Your True Hero
Procrastinating about writing an introductory chapter for my major project, I stumbled on a compelling site: yourtruehero. The site founder, Gary Hale, explains how the site came to be in a fascinating way:
A number of people have inquired about how this project began. The answer is pretty simple.
About two years ago my family was celebrating a traditional holiday dinner. As I looked around the room, filled with relatives, I felt a sense of gratitude for the people who were there and for their contributions to everyday life. A World War II veteran, several educators, a hospice nurse, a police officer, health care workers, a volunteer karate instructor, a court system employee and small business owners – the list went on. These are all good and decent people who quietly go about their jobs, seeking neither praise nor celebrity, but each making the world a little better by their efforts. It occurred to me that millions of other families with equally good people were gathered together in their homes all around the country. I make no claim that my family is superior or more noble than the next but I do believe that we hear too little of the stories of people like these – the true heroes of everyday life.
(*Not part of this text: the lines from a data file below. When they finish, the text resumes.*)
lemma failure_prob_le:
  assumes "nS \<ge> 1" and "nA \<ge> 1" and "n \<ge> 1" and "\<delta> > 0"
  shows "real nS * real nA * (1 + 2 ^ nS * real n)
      * exp (- (ln (real n * real nS * real nA * 2 / \<delta>) + real nS * ln 2)) \<le> \<delta>"
proof -
  define x where "x = real n * real nS * real nA * 2 / \<delta>"
  have "x > 0" using assms by (simp add: x_def)
  then have "exp (ln x + real nS * ln 2) = x * 2 ^ nS" by (simp add: exp_add exp_of_nat_mult)
  then have "exp (- (ln x + real nS * ln 2)) = 1 / (x * 2 ^ nS)"
    by (subst exp_minus) (simp add: inverse_eq_divide)
  then have "real nS * real nA * (1 + 2 ^ nS * real n) * exp (- (ln x + real nS * ln 2))
      = \<delta> * ((1 + 2 ^ nS * real n) / (2 * (2 ^ nS * real n)))"
    using assms by (simp add: x_def field_simps)
  also have "\<dots> \<le> \<delta>"
  proof -
    have "1 * 1 \<le> real n * (2::real) ^ nS" using assms by (intro mult_mono) auto
    then show ?thesis using assms by (intro mult_left_le) auto
  qed
  finally show ?thesis by (simp add: x_def)
qed

lemma regret_radius_le:
  assumes nS: "nS \<ge> 1" and C: "0 \<le> C" and l: "ln 2 \<le> l" and n: "n \<ge> 1"
  shows "real H ^ 2 * sqrt (C * (8 * (4 * real nS ^ 2 * real nA * l / real n)
      + 40 * real nS * real nA * (l + real nS * ln 2) / real n))
    \<le> 11 * real H ^ 2 * sqrt (C * real nS ^ 2 * real nA * l / real n)"
proof -
  define K where "K = real nS * real nA / real n"
  define Z where "Z = real nS ^ 2 * real nA * l / real n"
  have K: "0 \<le> K" by (simp add: K_def)
  have "0 < ln (2::real)" by simp
  then have "0 \<le> l" using l by linarith
  then have Z: "0 \<le> Z" by (simp add: Z_def)
  have "8 * (4 * real nS ^ 2 * real nA * l / real n) + 40 * real nS * real nA * (l + real nS * ln 2) / real n
      = K * (32 * real nS * l + 40 * (l + real nS * ln 2))"
    using n by (simp add: K_def power2_eq_square field_simps)
  also have "\<dots> \<le> K * (112 * (real nS * l))"
  proof (intro mult_left_mono K)
    have "l + real nS * ln 2 \<le> 2 * (real nS * l)"
      using ln_plus_card_ln_2_le[OF nS l] by (simp add: mult.assoc)
    then show "32 * real nS * l + 40 * (l + real nS * ln 2) \<le> 112 * (real nS * l)"
      by (simp add: algebra_simps)
  qed
  also have "\<dots> = 112 * Z" by (simp add: K_def Z_def power2_eq_square)
  finally have "sqrt (C * (8 * (4 * real nS ^ 2 * real nA * l / real n)
      + 40 * real nS * real nA * (l + real nS * ln 2) / real n)) \<le> sqrt 112 * sqrt (C * Z)"
    using C by (simp add: real_sqrt_mult[symmetric] mult_left_mono mult.left_commute)
  also have "\<dots> \<le> 11 * sqrt (C * Z)"
    using C Z by (intro mult_right_mono real_le_lsqrt) auto
  finally have "real H ^ 2 * sqrt (C * (8 * (4 * real nS ^ 2 * real nA * l / real n)
      + 40 * real nS * real nA * (l + real nS * ln 2) / real n)) \<le> real H ^ 2 * (11 * sqrt (C * Z))"
    by (rule mult_left_mono) simp
  then show ?thesis by (simp add: Z_def mult_ac)
qed

lemma ln_2_le_ln_confidence:
  assumes "nS \<ge> 1" and "nA \<ge> 1" and "n \<ge> 1" and "0 < \<delta>" and "\<delta> < 1"
  shows "ln 2 \<le> ln (real n * real nS * real nA * 2 / \<delta>)"
proof -
  have "1 * 1 * 1 \<le> real n * real nS * real nA" using assms by (intro mult_mono) auto
  then have "2 \<le> real n * real nS * real nA * 2" by simp
  also have "\<dots> \<le> real n * real nS * real nA * 2 / \<delta>"
    using assms by (simp add: le_divide_eq mult_left_le_one_le)
  finally show ?thesis by simp
qed

lemma radius_le_xi:
  assumes "nS \<ge> 1" and "ln 2 \<le> l"
  shows "2 * real nS * real nA * (l + real nS * ln 2) / real n \<le> 4 * real nS ^ 2 * real nA * l / real n"
proof -
  have "2 * real nS * real nA * (l + real nS * ln 2) \<le> 2 * real nS * real nA * (2 * real nS * l)"
    by (intro mult_left_mono ln_plus_card_ln_2_le assms) simp
  also have "\<dots> = 4 * real nS ^ 2 * real nA * l" by (simp add: power2_eq_square)
  finally show ?thesis by (rule divide_right_mono) simp
qed

lemma prob_good_data_ge:
  assumes "L > 0" and "real nS * real nA * (1 + 2 ^ nS * real n) * exp (- L) \<le> \<delta>"
  shows "measure_pmf.prob (data_pmf n rho Pstar)
    {D \<in> set_pmf (data_pmf n rho Pstar). good_data nS nA n rho Pstar L D} \<ge> 1 - \<delta>"
proof -
  let ?M = "data_pmf n rho Pstar"
  let ?Good = "{D \<in> set_pmf ?M. good_data nS nA n rho Pstar L D}"
  have "- ?Good \<subseteq> - set_pmf ?M \<union> {D. \<not> good_data nS nA n rho Pstar L D}" by auto
  then have "measure_pmf.prob ?M (- ?Good)
      \<le> measure_pmf.prob ?M (- set_pmf ?M) + measure_pmf.prob ?M {D. \<not> good_data nS nA n rho Pstar L D}"
    by (intro order.trans[OF measure_pmf.finite_measure_mono measure_subadditive])
       (auto simp: measure_pmf.emeasure_eq_measure)
  also have "\<dots> \<le> \<delta>"
    using prob_not_good_data_le[OF assms(1), of n rho Pstar nS nA] assms(2)
      measure_pmf_zero_iff[of ?M "- set_pmf ?M"] by simp
  finally show ?thesis using measure_pmf.prob_compl[of ?Good ?M] by (simp add: Compl_eq_Diff_UNIV)
qed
Later that night, after the last guest was bid goodbye and the kids were asleep, I spent 10 minutes flipping through the cable channels on television. There they were – back to back to back: Monica Lewinsky, Dennis Rodman, and Eminem. Now, I have no personal grudge against those three but I do know that there is not one more thing about them that I possibly care to learn.
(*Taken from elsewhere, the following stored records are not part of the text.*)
lemma sha_hat_ring_not_noetherian:
  fixes lam :: "'a::comm_ring_1"
  assumes "x \<noteq> 0" "\<forall>n. lam ^ n dvd x"
  shows "\<not> noetherian_ring (sha_hat_ring lam)"
proof
  assume noeth: "noetherian_ring (sha_hat_ring lam)"
  interpret shuffle_ring "sha_hat_ring lam" lam by (rule shuffle_ring_sha_hat_ring)
  obtain y where y: "\<And>n. x = lam ^ n * y n"
    using assms(2) unfolding dvd_def by metis
  define I where "I j = {a \<in> carrier (sha_hat_ring lam). \<forall>M\<ge>j. sha_eval lam M a = 0}" for j
  have "ideal (I j) (sha_hat_ring lam)" for j
    unfolding I_def
    by (rule ideal_of_closed_predicate)
      (auto simp: sha_eval_zero sha_eval_add sha_eval_uminus sha_eval_mult)
  moreover have "I j \<subseteq> I (Suc j)" for j
    unfolding I_def by auto
  ultimately obtain N where "\<forall>j. I j \<subseteq> I N"
    using noetherian_ring.ascending_chain_stabilizes[OF noeth, of I] by blast
  then have N: "I (Suc N) \<subseteq> I N" by blast
  define f where "f n = (if N \<le> n then (-1) ^ (n - N) * of_nat (n choose N) * y n else 0)" for n
  have "sha_eval lam M f = (\<Sum>n=N..M. (-1) ^ (n - N) * (of_nat (M choose n) * of_nat (n choose N))) * x"
    for M
  proof -
    have "of_nat (M choose n) * lam ^ n * f n =
        (-1) ^ (n - N) * (of_nat (M choose n) * of_nat (n choose N)) * x"
      if "N \<le> n" for n
      using that by (simp add: f_def y[of n] mult_ac)
    then show ?thesis
      unfolding sha_eval_def sum_distrib_right
      by (intro sum.mono_neutral_cong_right) (auto simp: f_def)
  qed
  then have eval_f: "sha_eval lam M f = (if M = N then x else 0)" for M
    by (simp add: alternating_choose_sum)
  then have "f \<in> I (Suc N)"
    unfolding I_def by (simp add: sha_hat_ring_def)
  then have "f \<in> I N" by (rule subsetD[OF N])
  then show False
    using eval_f[of N] assms(1) unfolding I_def by simp
qed

section \<open>Hilbert basis arguments\<close>

lemma cring_type_ring: "cring (type_ring :: 'a::comm_ring_1 ring)"
proof (rule cringI)
  show "abelian_group (type_ring :: 'a ring)"
  proof (rule abelian_groupI)
    fix x :: 'a
    show "\<exists>y\<in>carrier type_ring. y \<oplus>\<^bsub>type_ring\<^esub> x = \<zero>\<^bsub>type_ring\<^esub>"
      by (rule bexI[of _ "- x"]) (simp_all add: type_ring_def)
  qed (auto simp: type_ring_def algebra_simps)
  show "comm_monoid (type_ring :: 'a ring)"
    by (rule comm_monoidI) (auto simp: type_ring_def algebra_simps)
qed (auto simp: type_ring_def algebra_simps)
Why do we hear so much about meaningless celebrities and so little about good people whose stories are compelling, interesting and inspiring? Why is it that some movie star’s third divorce is more noticed than the story of the firefighter rushing into a building to save a small child or the nurse tending to a lonely and sick old man? Do I really have to hear any more about Puff Daddy?
So that is how this started. Through some trial and many errors Jakub Skoniecki and I finally got this website up and running. Actually, I kept revising the ideas and Jakub got it running since I know absolutely nothing about Web site development. Thank God for Jakub!
We hit upon the idea of offering a scholarship contest just to see if a few hundred students would think about the difference between true heroism and meaningless celebrity. We never expected to have more than 320,000 visitors and 18,000 true hero stories in just over a month.
It just goes to show that people do appreciate the contributions of true heroes— those ordinary people making an extraordinary difference in everyday life. We intend to keep chugging along and posting the stories of the world’s true heroes.
Heroic consciousness permeates life. While Carlyle and Emerson’s model of “great men” has been replaced by a model of displacement and disappearance— the hero becomes the anonymous soldier or fireman, or a mythic construct like “the people”— humans seem to insist on the necessity of heroes. We can’t deal with the complexity of individual psyches any more, it seems. We insist on heroes that are “ordinary” and yet able to make an “extraordinary” difference. More than that, we insist that there must be a “meaning” before we assign value. I’ve heard scholars preach the value of Lewinsky, while Hale dismisses her. I could envision a similar argument for Rodman’s value as transgressor, an update of the Jesse James outlaw mentality. And Eminem seems to be another case of critic as hero. The models I’ve been exploring in the eighteenth century seem to explain all of these splinter groups of heroic valuation. The more I explore this the more I believe that valuation exists as a dialogue outside of considerations of power— and it does not benefit by being to reduced to notions of cultural capital, as is the case in Bourdieu. Why do we need heroes so much, and why are the models so contradictory?
Enough stalling for now. But the success of this web site really makes me think that I’m on the right track. For as much as we might protest “we don’t need another hero”— obviously, the majority of the population seems to. It’s a sort of cultural glue, and a battleground where the concepts of solidarity are debated and strut and fret themselves across the stage.